In new study published in Ophthalmology, Google AI researchers found that they could improve their AI disease detecting software by using a small subset of images adjudicated by ophthalmologists that specialize in retinal diseases.
"We believe this work provides a basis for further research and raises the bar for reference standards in the field of applying machine learning to medicine," Dr. Lily Peng, an author in the study and a researcher at Google AI, said in a statement.
In the study, images were graded by the algorithm, US board-certified ophthalmologists, and retinal specialists. The consensus of the retinal specialists served as the reference standard to train the algorithm.
After the AI algorithm was trained using the adjudicated subset it had a sensitivity of .97 and a specificity of .92 on the quadratic-weighted kappa score when looking at moderate or worse diabetic retinopathy. In contrast, the majority decision of ophthalmologists had a sensitivity of .838 and specificity of .981.

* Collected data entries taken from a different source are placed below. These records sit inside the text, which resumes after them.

(* $\mathrm{UF}_1^=$ has the finite model property. Moreover, there is a fixed polynomial $p$ such that every satisfiable $\mathrm{UF}_1^=$-formula $\phi$ has a finite model whose domain has size at most $2^{p(|\phi|)}$ (i.e., bounded exponentially in $|\phi|$).
   Context: Vocabularies are relational (relation symbols of positive finite arities, no constants or function symbols). A $k$-ary $\tau$-atom is an atomic formula (a relational atom $R(z_1,\dots,z_m)$ with $R\in\tau$, or an equality $z=z'$) having exactly $k$ distinct free variables. For a finite set $V$ of variables, a $V$-uniform set is a finite set of relational (non-equality) $\tau$-atoms $R(z_1,\dots,z_m)$ with $\{z_1,\dots,z_m\}=V$. The set $\mathrm{UF}_1^=(\tau)$ is the smallest set $\mathcal F$ such that: (1) every unary $\tau$-atom, and $\bot,\top$, are in $\mathcal F$; (2) every equality $x=y$ is in $\mathcal F$; (3) $\mathcal F$ is closed under $\neg$ and $\wedge$; (4) if $X=\{x_0,\dots,x_k\}$ is a finite set of variables, $U$ a finite set of formulas of $\mathcal F$ with free variables in $X$, $V\subseteq X$, $F$ a $V$-uniform set of $\tau$-atoms, and $\varphi$ a Boolean combination of formulas in $U\cup F$, then $\exists x_1\dots\exists x_k\,\varphi\in\mathcal F$ and $\exists x_0\dots\exists x_k\,\varphi\in\mathcal F$. $\mathrm{UF}_1^=$ is the union of $\mathrm{UF}_1^=(\tau)$ over all vocabularies; $\forall$ and other connectives are abbreviations. A logic has the finite model property if every satisfiable formula has a finite model. *)

theory Defs
  imports "HOL-Computational_Algebra.Polynomial"
begin

text \<open>A vocabulary is given by an arity function ar; a relational atom
  Rel R zs is well-formed iff length zs = ar R and ar R > 0.
  Only the primitive connectives (negation, conjunction, existential
  quantification) are included; all others are abbreviations.\<close>

datatype fm =
    Bot
  | Top
  | Rel nat "nat list"
  | Eq nat nat
  | Neg fm
  | Conj fm fm
  | Ex nat fm

fun fv :: "fm \<Rightarrow> nat set" where
  "fv Bot = {}"
| "fv Top = {}"
| "fv (Rel R zs) = set zs"
| "fv (Eq x y) = {x, y}"
| "fv (Neg \<phi>) = fv \<phi>"
| "fv (Conj \<phi> \<psi>) = fv \<phi> \<union> fv \<psi>"
| "fv (Ex x \<phi>) = fv \<phi> - {x}"

text \<open>Length of a formula: number of symbol occurrences.\<close>
fun fsize :: "fm \<Rightarrow> nat" where
  "fsize Bot = 1"
| "fsize Top = 1"
| "fsize (Rel R zs) = 1 + length zs"
| "fsize (Eq x y) = 3"
| "fsize (Neg \<phi>) = 1 + fsize \<phi>"
| "fsize (Conj \<phi> \<psi>) = 1 + fsize \<phi> + fsize \<psi>"
| "fsize (Ex x \<phi>) = 2 + fsize \<phi>"

fun sat :: "'a set \<Rightarrow> (nat \<Rightarrow> 'a list \<Rightarrow> bool) \<Rightarrow> (nat \<Rightarrow> 'a) \<Rightarrow> fm \<Rightarrow> bool" where
  "sat D I \<sigma> Bot = False"
| "sat D I \<sigma> Top = True"
| "sat D I \<sigma> (Rel R zs) = I R (map \<sigma> zs)"
| "sat D I \<sigma> (Eq x y) = (\<sigma> x = \<sigma> y)"
| "sat D I \<sigma> (Neg \<phi>) = (\<not> sat D I \<sigma> \<phi>)"
| "sat D I \<sigma> (Conj \<phi> \<psi>) = (sat D I \<sigma> \<phi> \<and> sat D I \<sigma> \<psi>)"
| "sat D I \<sigma> (Ex x \<phi>) = (\<exists>d\<in>D. sat D I (\<sigma>(x := d)) \<phi>)"

definition is_model :: "'a set \<Rightarrow> (nat \<Rightarrow> 'a list \<Rightarrow> bool) \<Rightarrow> (nat \<Rightarrow> 'a) \<Rightarrow> fm \<Rightarrow> bool" where
  "is_model D I \<sigma> \<phi> \<longleftrightarrow> D \<noteq> {} \<and> (\<forall>x. \<sigma> x \<in> D) \<and> sat D I \<sigma> \<phi>"

definition rel_atom :: "(nat \<Rightarrow> nat) \<Rightarrow> fm \<Rightarrow> bool" where
  "rel_atom ar \<phi> \<longleftrightarrow> (\<exists>R zs. \<phi> = Rel R zs \<and> length zs = ar R \<and> 0 < ar R)"

definition uniform_set :: "(nat \<Rightarrow> nat) \<Rightarrow> nat set \<Rightarrow> fm set \<Rightarrow> bool" where
  "uniform_set ar V F \<longleftrightarrow> finite F \<and> (\<forall>\<phi>\<in>F. rel_atom ar \<phi> \<and> fv \<phi> = V)"

inductive bool_comb :: "fm set \<Rightarrow> fm \<Rightarrow> bool" for S where
  bc_base: "\<phi> \<in> S \<Longrightarrow> bool_comb S \<phi>"
| bc_neg: "bool_comb S \<phi> \<Longrightarrow> bool_comb S (Neg \<phi>)"
| bc_conj: "bool_comb S \<phi> \<Longrightarrow> bool_comb S \<psi> \<Longrightarrow> bool_comb S (Conj \<phi> \<psi>)"

fun Exs :: "nat list \<Rightarrow> fm \<Rightarrow> fm" where
  "Exs [] \<phi> = \<phi>"
| "Exs (x # xs) \<phi> = Ex x (Exs xs \<phi>)"

inductive uf1 :: "(nat \<Rightarrow> nat) \<Rightarrow> fm \<Rightarrow> bool" for ar where
  uf_unary_rel: "rel_atom ar \<phi> \<Longrightarrow> card (fv \<phi>) = 1 \<Longrightarrow> uf1 ar \<phi>"
| uf_bot: "uf1 ar Bot"
| uf_top: "uf1 ar Top"
| uf_eq: "uf1 ar (Eq x y)"
| uf_neg: "uf1 ar \<phi> \<Longrightarrow> uf1 ar (Neg \<phi>)"
| uf_conj: "uf1 ar \<phi> \<Longrightarrow> uf1 ar \<psi> \<Longrightarrow> uf1 ar (Conj \<phi> \<psi>)"
| uf_ex: "\<lbrakk> xs \<noteq> []; distinct xs; finite U;
            \<forall>\<psi>\<in>U. uf1 ar \<psi> \<and> fv \<psi> \<subseteq> set xs;
            V \<subseteq> set xs; uniform_set ar V F;
            bool_comb (U \<union> F) \<phi> \<rbrakk>
          \<Longrightarrow> uf1 ar (Exs (tl xs) \<phi>)"
| uf_ex_all: "\<lbrakk> xs \<noteq> []; distinct xs; finite U;
            \<forall>\<psi>\<in>U. uf1 ar \<psi> \<and> fv \<psi> \<subseteq> set xs;
            V \<subseteq> set xs; uniform_set ar V F;
            bool_comb (U \<union> F) \<phi> \<rbrakk>
          \<Longrightarrow> uf1 ar (Exs xs \<phi>)"

end

theory Submission
  imports Defs
begin

text \<open>
  Fix a model (D, I) of \<phi>. The type of an element b collects the formulas of a fixed finite set
  that hold when every variable denotes b: the subformulas of \<phi> and, for every existential block,
  a variant asking for a witness in which the centre differs from the arguments of the block's
  relational atoms. The small model keeps the elements of rare types (fewer realizations than
  there are variables) and realizes every other type by boundedly many labelled copies, so its
  size is exponential in |\<phi>|. A relational atom on a tuple of the small model is evaluated in D
  at the image of the tuple under a pullback, an injective type-preserving map into D that, on
  tuples arising from a witness of a block, returns that witness.

  Induction over UF1 then shows that satisfaction depends only on the types and the equality
  pattern of an assignment. For a block, a witness in D is copied into the small model; conversely
  a witness in the small model is mapped back into D by extending the pullback of its atom tuple
  injectively and type-preservingly to all variables of the block, which is possible because
  non-rare types have enough realizations.
\<close>

fun subformulas :: "fm \<Rightarrow> fm set" where
  "subformulas Bot = {Bot}"
| "subformulas Top = {Top}"
| "subformulas (Rel R zs) = {Rel R zs}"
| "subformulas (Eq x y) = {Eq x y}"
| "subformulas (Neg \<phi>) = insert (Neg \<phi>) (subformulas \<phi>)"
| "subformulas (Conj \<phi> \<psi>) = insert (Conj \<phi> \<psi>) (subformulas \<phi> \<union> subformulas \<psi>)"
| "subformulas (Ex x \<phi>) = insert (Ex x \<phi>) (subformulas \<phi>)"

fun vars :: "fm \<Rightarrow> nat set" where
  "vars Bot = {}"
| "vars Top = {}"
| "vars (Rel R zs) = set zs"
| "vars (Eq x y) = {x, y}"
| "vars (Neg \<phi>) = vars \<phi>"
| "vars (Conj \<phi> \<psi>) = vars \<phi> \<union> vars \<psi>"
| "vars (Ex x \<phi>) = insert x (vars \<phi>)"

lemma subformulas_self [simp]: "\<phi> \<in> subformulas \<phi>"
  by (cases \<phi>) auto

lemma finite_subformulas [simp]: "finite (subformulas \<phi>)"
  by (induction \<phi>) auto

lemma finite_vars [simp]: "finite (vars \<phi>)"
  by (induction \<phi>) auto

lemma card_subformulas_le: "card (subformulas \<phi>) \<le> fsize \<phi>"
proof (induction \<phi>)
  case (Conj \<phi>1 \<phi>2)
  have "card (subformulas (Conj \<phi>1 \<phi>2)) \<le> Suc (card (subformulas \<phi>1 \<union> subformulas \<phi>2))"
    by (simp add: card_insert_if)
  also have "\<dots> \<le> Suc (card (subformulas \<phi>1) + card (subformulas \<phi>2))"
    using card_Un_le by (metis Suc_le_mono)
  finally show ?case using Conj by simp
qed (auto simp: card_insert_if)

lemma card_vars_le: "card (vars \<phi>) \<le> fsize \<phi>"
proof (induction \<phi>)
  case (Rel R zs) then show ?case using card_length[of zs] by simp
next
  case (Conj \<phi>1 \<phi>2)
  then show ?case using card_Un_le[of "vars \<phi>1" "vars \<phi>2"] by simp
qed (auto simp: card_insert_if)

lemma subformulas_trans: "\<psi> \<in> subformulas \<phi> \<Longrightarrow> subformulas \<psi> \<subseteq> subformulas \<phi>"
  by (induction \<phi>) auto

lemma vars_subformula: "\<psi> \<in> subformulas \<phi> \<Longrightarrow> vars \<psi> \<subseteq> vars \<phi>"
  by (induction \<phi>) auto

lemma fv_subset_vars: "fv \<phi> \<subseteq> vars \<phi>"
  by (induction \<phi>) auto

lemma Neg_subformula: "Neg \<psi> \<in> subformulas \<phi> \<Longrightarrow> \<psi> \<in> subformulas \<phi>"
  using subformulas_trans[of "Neg \<psi>" \<phi>] by auto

Between this and other image analysis comparisons, researchers concluded that the AI’s performance generally improved after it was trained on a small set of adjudicated diabetic retinopathy grades. Researchers also noted that the algorithm’s performance was in line with board-certified ophthalmologists and retinal specialists.
"For my grandma, I would love to have a panel of subspecialists who actually treat the disease, to sit and debate her case, giving their opinion," Dr. Peng said in a statemenet. "But that is really expensive and it's hard to do. So how do you build an algorithm that gets close to this?"
AI-detected diabetic retinopathy has been an ongoing conversation.
Researchers at the Medras Diabetes Research foundation in Chennai India, for example, found that a smartphone-based device called Remido ‘Fundus on phone’, along with artificial intelligence software, had a high sensitivity for detecting diabetic retinopathy. In fact, the study, published in Nature Eye, found the AI software had a 95 percent sensitivity and 80 percent specificity for detecting any diabetic retinopathy.